ACPR/731/2022 du 24.10.2022 sur OTMC/3005/2022 ( TMC ) , REFUS

Descripteurs : RISQUE DE FUITE;DÉTENTION PROVISOIRE
Normes : CPP.221

république et

canton de Genève

POUVOIR JUDICIAIRE

P/14322/2022 ACPR/731/2022

COUR DE JUSTICE

Chambre pénale de recours

Arrêt du lundi 24 octobre 2022

 

Entre

 

A______, actuellement détenu à B______, comparant par Me C______, avocat, ______ Genève,

recourant,

 

contre l'ordonnance de prolongation de la détention provisoire rendue le 28 septembre 2022 par le Tribunal des mesures de contrainte,

 

et

 

LE TRIBUNAL DES MESURES DE CONTRAINTE, rue des Chaudronniers 9, 1204 Genève - case postale 3715, 1211 Genève 3,

LE MINISTÈRE PUBLIC de la République et canton de Genève, route de Chancy 6B, 1213 Petit-Lancy - case postale 3565, 1211 Genève 3,

intimés.


EN FAIT :

A.           Par acte expédié le 10 octobre 2022, A______ recourt contre l'ordonnance du 28 septembre 2022, notifiée le lendemain, par laquelle le Tribunal des mesures de contrainte (ci-après : TMC) a ordonné la prolongation de sa détention provisoire jusqu’au 2 décembre 2022.

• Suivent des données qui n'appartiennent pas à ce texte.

(* For every cartesian left-additive category $\mathcal{C}$, the category $\mathbf{Lens}_A(\mathcal{C})$ is a cartesian left-additive category, and every cartesian left-additive functor $F:\mathcal{C}\to\mathcal{D}$ induces a cartesian left-additive functor $\mathbf{Lens}_A(F):\mathbf{Lens}_A(\mathcal{C})\to\mathbf{Lens}_A(\mathcal{D})$, sending an object $(A,A')$ to $(F(A),F(A'))$ and a lens $(f,f^* )$ to $(F(f),\overline{f^*})$ where $\overline{f^*}$ is the composite $F(A)\times F(B')\cong F(A\times B')\xrightarrow{F(f^* )}F(A')$. This assignment preserves identities and composition, so that $\mathbf{Lens}_A$ is a functor $\mathbf{CLACat}\to\mathbf{CLACat}$.
   Context: Composition is written diagrammatically: $f;g$ means first $f$ then $g$. A left additive category is a category in which each hom-set is a commutative monoid (addition $+$, zero maps $0$) such that $f;(g+h)=f;g+f;h$ and $f;0=0$. A map $h:X\to Y$ is additive if $(x+y);h=x;h+y;h$ and $0;h=0$ for all $x,y:Z\to X$. A cartesian left-additive category is a left additive category with chosen finite products (projections $\pi_i$, pairing $\langle-,-\rangle$, terminal object) in which all projections are additive. A morphism $f:X\times A\to B$ is additive in the second variable (the variable $A$) if for all $x:Z\to X$ and $a_1,a_2:Z\to A$ one has $\langle x,a_1+a_2\rangle;f=\langle x,a_1\rangle;f+\langle x,a_2\rangle;f$ and $\langle x,0\rangle;f=0$ (equivalently, $f$ is additive as a map $A\to B$ in the coKleisli category of the comonad $X\times-$). $\mathbf{CLACat}$ is the category whose objects are cartesian left-additive categories and whose morphisms are cartesian left-additive functors, i.e. functors preserving finite products and the commutative monoid structure on hom-sets ($F(f+g)=F(f)+F(g)$, $F(0)=0$). For a cartesian category $\mathcal{C}$, $\mathbf{Lens}(\mathcal{C})$ has objects pairs $(A,A')$ of objects of $\mathcal{C}$; a morphism $(A,A')\to(B,B')$ is a pair $(f,f^* )$ with $f:A\to B$ and $f^*:A\times B'\to A'$; the identity on $(A,A')$ is $(1_A,\pi_1)$; the composite of $(f,f^* ):(A,A')\to(B,B')$ and $(g,g^* ):(B,B')\to(C,C')$ is $(f;g,\ \langle\pi_0,\langle\pi_0;f,\pi_1\rangle;g^*\rangle;f^* )$. For a cartesian left-additive category $\mathcal{C}$, $\mathbf{Lens}_A(\mathcal{C})$ is the wide subcategory of $\mathbf{Lens}(\mathcal{C})$ consisting of those lenses $(f,f^* )$ whose backward map $f^*:A\times B'\to A'$ is additive in the second variable. *)

theory Defs
  imports Main
begin

text \<open>Composition is written diagrammatically:
  Comp C f g means first f, then g.\<close>

record ('o, 'a) cla =
  Obj  :: "'o set"
  Arr  :: "'a set"
  Dom  :: "'a \<Rightarrow> 'o"
  Cod  :: "'a \<Rightarrow> 'o"
  Id   :: "'o \<Rightarrow> 'a"
  Comp :: "'a \<Rightarrow> 'a \<Rightarrow> 'a"
  Prod :: "'o \<Rightarrow> 'o \<Rightarrow> 'o"
  Pi0  :: "'o \<Rightarrow> 'o \<Rightarrow> 'a"
  Pi1  :: "'o \<Rightarrow> 'o \<Rightarrow> 'a"
  Pair :: "'a \<Rightarrow> 'a \<Rightarrow> 'a"
  Term :: "'o"
  Bang :: "'o \<Rightarrow> 'a"
  Add  :: "'a \<Rightarrow> 'a \<Rightarrow> 'a"
  Zero :: "'o \<Rightarrow> 'o \<Rightarrow> 'a"

definition Hom :: "('o, 'a) cla \<Rightarrow> 'o \<Rightarrow> 'o \<Rightarrow> 'a set" where
  "Hom C X Y = {f \<in> Arr C. Dom C f = X \<and> Cod C f = Y}"

definition is_category :: "('o, 'a) cla \<Rightarrow> bool" where
  "is_category C \<longleftrightarrow>
     (\<forall>f \<in> Arr C. Dom C f \<in> Obj C \<and> Cod C f \<in> Obj C) \<and>
     (\<forall>X \<in> Obj C. Id C X \<in> Hom C X X) \<and>
     (\<forall>X Y Z f g. f \<in> Hom C X Y \<longrightarrow> g \<in> Hom C Y Z \<longrightarrow> Comp C f g \<in> Hom C X Z) \<and>
     (\<forall>X Y f. f \<in> Hom C X Y \<longrightarrow> Comp C (Id C X) f = f \<and> Comp C f (Id C Y) = f) \<and>
     (\<forall>W X Y Z f g h. f \<in> Hom C W X \<longrightarrow> g \<in> Hom C X Y \<longrightarrow> h \<in> Hom C Y Z \<longrightarrow>
        Comp C (Comp C f g) h = Comp C f (Comp C g h))"

definition has_chosen_products :: "('o, 'a) cla \<Rightarrow> bool" where
  "has_chosen_products C \<longleftrightarrow>
     (\<forall>X \<in> Obj C. \<forall>Y \<in> Obj C.
        Prod C X Y \<in> Obj C \<and>
        Pi0 C X Y \<in> Hom C (Prod C X Y) X \<and>
        Pi1 C X Y \<in> Hom C (Prod C X Y) Y \<and>
        (\<forall>Z \<in> Obj C. \<forall>f g. f \<in> Hom C Z X \<longrightarrow> g \<in> Hom C Z Y \<longrightarrow>
            Pair C f g \<in> Hom C Z (Prod C X Y) \<and>
            Comp C (Pair C f g) (Pi0 C X Y) = f \<and>
            Comp C (Pair C f g) (Pi1 C X Y) = g) \<and>
        (\<forall>Z \<in> Obj C. \<forall>h \<in> Hom C Z (Prod C X Y).
            Pair C (Comp C h (Pi0 C X Y)) (Comp C h (Pi1 C X Y)) = h)) \<and>
     Term C \<in> Obj C \<and>
     (\<forall>X \<in> Obj C. Bang C X \<in> Hom C X (Term C) \<and>
        (\<forall>h \<in> Hom C X (Term C). h = Bang C X))"

definition is_left_additive :: "('o, 'a) cla \<Rightarrow> bool" where
  "is_left_additive C \<longleftrightarrow>
     (\<forall>X \<in> Obj C. \<forall>Y \<in> Obj C.
        Zero C X Y \<in> Hom C X Y \<and>
        (\<forall>f \<in> Hom C X Y. \<forall>g \<in> Hom C X Y. Add C f g \<in> Hom C X Y \<and> Add C f g = Add C g f) \<and>
        (\<forall>f \<in> Hom C X Y. \<forall>g \<in> Hom C X Y. \<forall>h \<in> Hom C X Y.
            Add C (Add C f g) h = Add C f (Add C g h)) \<and>
        (\<forall>f \<in> Hom C X Y. Add C f (Zero C X Y) = f)) \<and>
     (\<forall>W X Y f g h. f \<in> Hom C W X \<longrightarrow> g \<in> Hom C X Y \<longrightarrow> h \<in> Hom C X Y \<longrightarrow>
        Comp C f (Add C g h) = Add C (Comp C f g) (Comp C f h)) \<and>
     (\<forall>W X Y f. f \<in> Hom C W X \<longrightarrow> Y \<in> Obj C \<longrightarrow>
        Comp C f (Zero C X Y) = Zero C W Y)"

definition additive_map :: "('o, 'a) cla \<Rightarrow> 'a \<Rightarrow> bool" where
  "additive_map C h \<longleftrightarrow>
     (\<forall>Z \<in> Obj C. \<forall>x \<in> Hom C Z (Dom C h). \<forall>y \<in> Hom C Z (Dom C h).
        Comp C (Add C x y) h = Add C (Comp C x h) (Comp C y h)) \<and>
     (\<forall>Z \<in> Obj C. Comp C (Zero C Z (Dom C h)) h = Zero C Z (Cod C h))"

definition is_cla :: "('o, 'a) cla \<Rightarrow> bool" where
  "is_cla C \<longleftrightarrow> is_category C \<and> has_chosen_products C \<and> is_left_additive C \<and>
     (\<forall>X \<in> Obj C. \<forall>Y \<in> Obj C. additive_map C (Pi0 C X Y) \<and> additive_map C (Pi1 C X Y))"

definition additive_snd :: "('o, 'a) cla \<Rightarrow> 'o \<Rightarrow> 'o \<Rightarrow> 'a \<Rightarrow> bool" where
  "additive_snd C X A f \<longleftrightarrow>
     (\<forall>Z \<in> Obj C. \<forall>x \<in> Hom C Z X. \<forall>a1 \<in> Hom C Z A. \<forall>a2 \<in> Hom C Z A.
        Comp C (Pair C x (Add C a1 a2)) f =
          Add C (Comp C (Pair C x a1) f) (Comp C (Pair C x a2) f)) \<and>
     (\<forall>Z \<in> Obj C. \<forall>x \<in> Hom C Z X.
        Comp C (Pair C x (Zero C Z A)) f = Zero C Z (Cod C f))"

type_synonym ('o, 'a, 'p, 'b) cfunctor = "('o \<Rightarrow> 'p) \<times> ('a \<Rightarrow> 'b)"

definition is_iso :: "('o, 'a) cla \<Rightarrow> 'a \<Rightarrow> bool" where
  "is_iso C f \<longleftrightarrow> f \<in> Arr C \<and>
     (\<exists>g \<in> Hom C (Cod C f) (Dom C f).
        Comp C f g = Id C (Dom C f) \<and> Comp C g f = Id C (Cod C f))"

definition iso_inv :: "('o, 'a) cla \<Rightarrow> 'a \<Rightarrow> 'a" where
  "iso_inv C f = (SOME g. g \<in> Hom C (Cod C f) (Dom C f) \<and>
        Comp C f g = Id C (Dom C f) \<and> Comp C g f = Id C (Cod C f))"

definition is_terminal :: "('o, 'a) cla \<Rightarrow> 'o \<Rightarrow> bool" where
  "is_terminal C T \<longleftrightarrow> T \<in> Obj C \<and> (\<forall>Z \<in> Obj C. \<exists>!h. h \<in> Hom C Z T)"

definition prod_cmp :: "('o, 'a) cla \<Rightarrow> ('p, 'b) cla \<Rightarrow> ('o, 'a, 'p, 'b) cfunctor
    \<Rightarrow> 'o \<Rightarrow> 'o \<Rightarrow> 'b" where
  "prod_cmp C D F X Y = Pair D (snd F (Pi0 C X Y)) (snd F (Pi1 C X Y))"

definition is_cla_functor :: "('o, 'a) cla \<Rightarrow> ('p, 'b) cla \<Rightarrow> ('o, 'a, 'p, 'b) cfunctor \<Rightarrow> bool" where
  "is_cla_functor C D F \<longleftrightarrow>
     (\<forall>X \<in> Obj C. fst F X \<in> Obj D) \<and>
     (\<forall>X Y f. f \<in> Hom C X Y \<longrightarrow> snd F f \<in> Hom D (fst F X) (fst F Y)) \<and>
     (\<forall>X \<in> Obj C. snd F (Id C X) = Id D (fst F X)) \<and>
     (\<forall>X Y Z f g. f \<in> Hom C X Y \<longrightarrow> g \<in> Hom C Y Z \<longrightarrow>
        snd F (Comp C f g) = Comp D (snd F f) (snd F g)) \<and>
     \<comment> \<open>preservation of finite products (up to the canonical isomorphism)\<close>
     (\<forall>X \<in> Obj C. \<forall>Y \<in> Obj C. is_iso D (prod_cmp C D F X Y)) \<and>
     is_terminal D (fst F (Term C)) \<and>
     \<comment> \<open>preservation of the commutative monoid structure on hom-sets\<close>
     (\<forall>X Y f g. f \<in> Hom C X Y \<longrightarrow> g \<in> Hom C X Y \<longrightarrow>
        snd F (Add C f g) = Add D (snd F f) (snd F g)) \<and>
     (\<forall>X \<in> Obj C. \<forall>Y \<in> Obj C. snd F (Zero C X Y) = Zero D (fst F X) (fst F Y))"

Le recourant conclut, sous suite de frais et indemnité du défenseur d'office, préalablement, à la tenue d'une audience et, principalement, à l'annulation de cette décision et à sa mise en liberté dès le 17 octobre 2022, subsidiairement avec des mesures de substitution.

B.            Les faits pertinents suivants ressortent de la procédure :

a.        À teneur du rapport d'arrestation du 2 juillet 2022, la police a observé sur le quai Général-GUISAN, quatre personnes – identifiées ensuite comme étant D______, E______, F______ et A______ – s'approcher d'un jeune homme – G______ – qui marchait en direction de Bel-Air. Immédiatement, après avoir agrippé les mains de ce dernier et l'avoir arrêté, A______ a mis la main dans la poche du jeune et en a extrait deux téléphones portables, qu'il a remis à E______; pendant ce temps-là, D______ et F______ se trouvaient autour du duo qui commettait le délit et faisaient le guet. Ensuite, E______ a attrapé la victime par le bras et l'a tirée fortement sur le côté, tout en arrachant la montre qu'elle portait au poignet. Les quatre hommes sont ensuite partis en direction de Bel-Air. G______ a rattrapé l'un des agresseurs, lequel a rendu la montre à la victime. La géolocalisation des deux téléphones portables a permis de les retrouver derrière la grille de protection d'une boutique, du côté de la place de la Fusterie.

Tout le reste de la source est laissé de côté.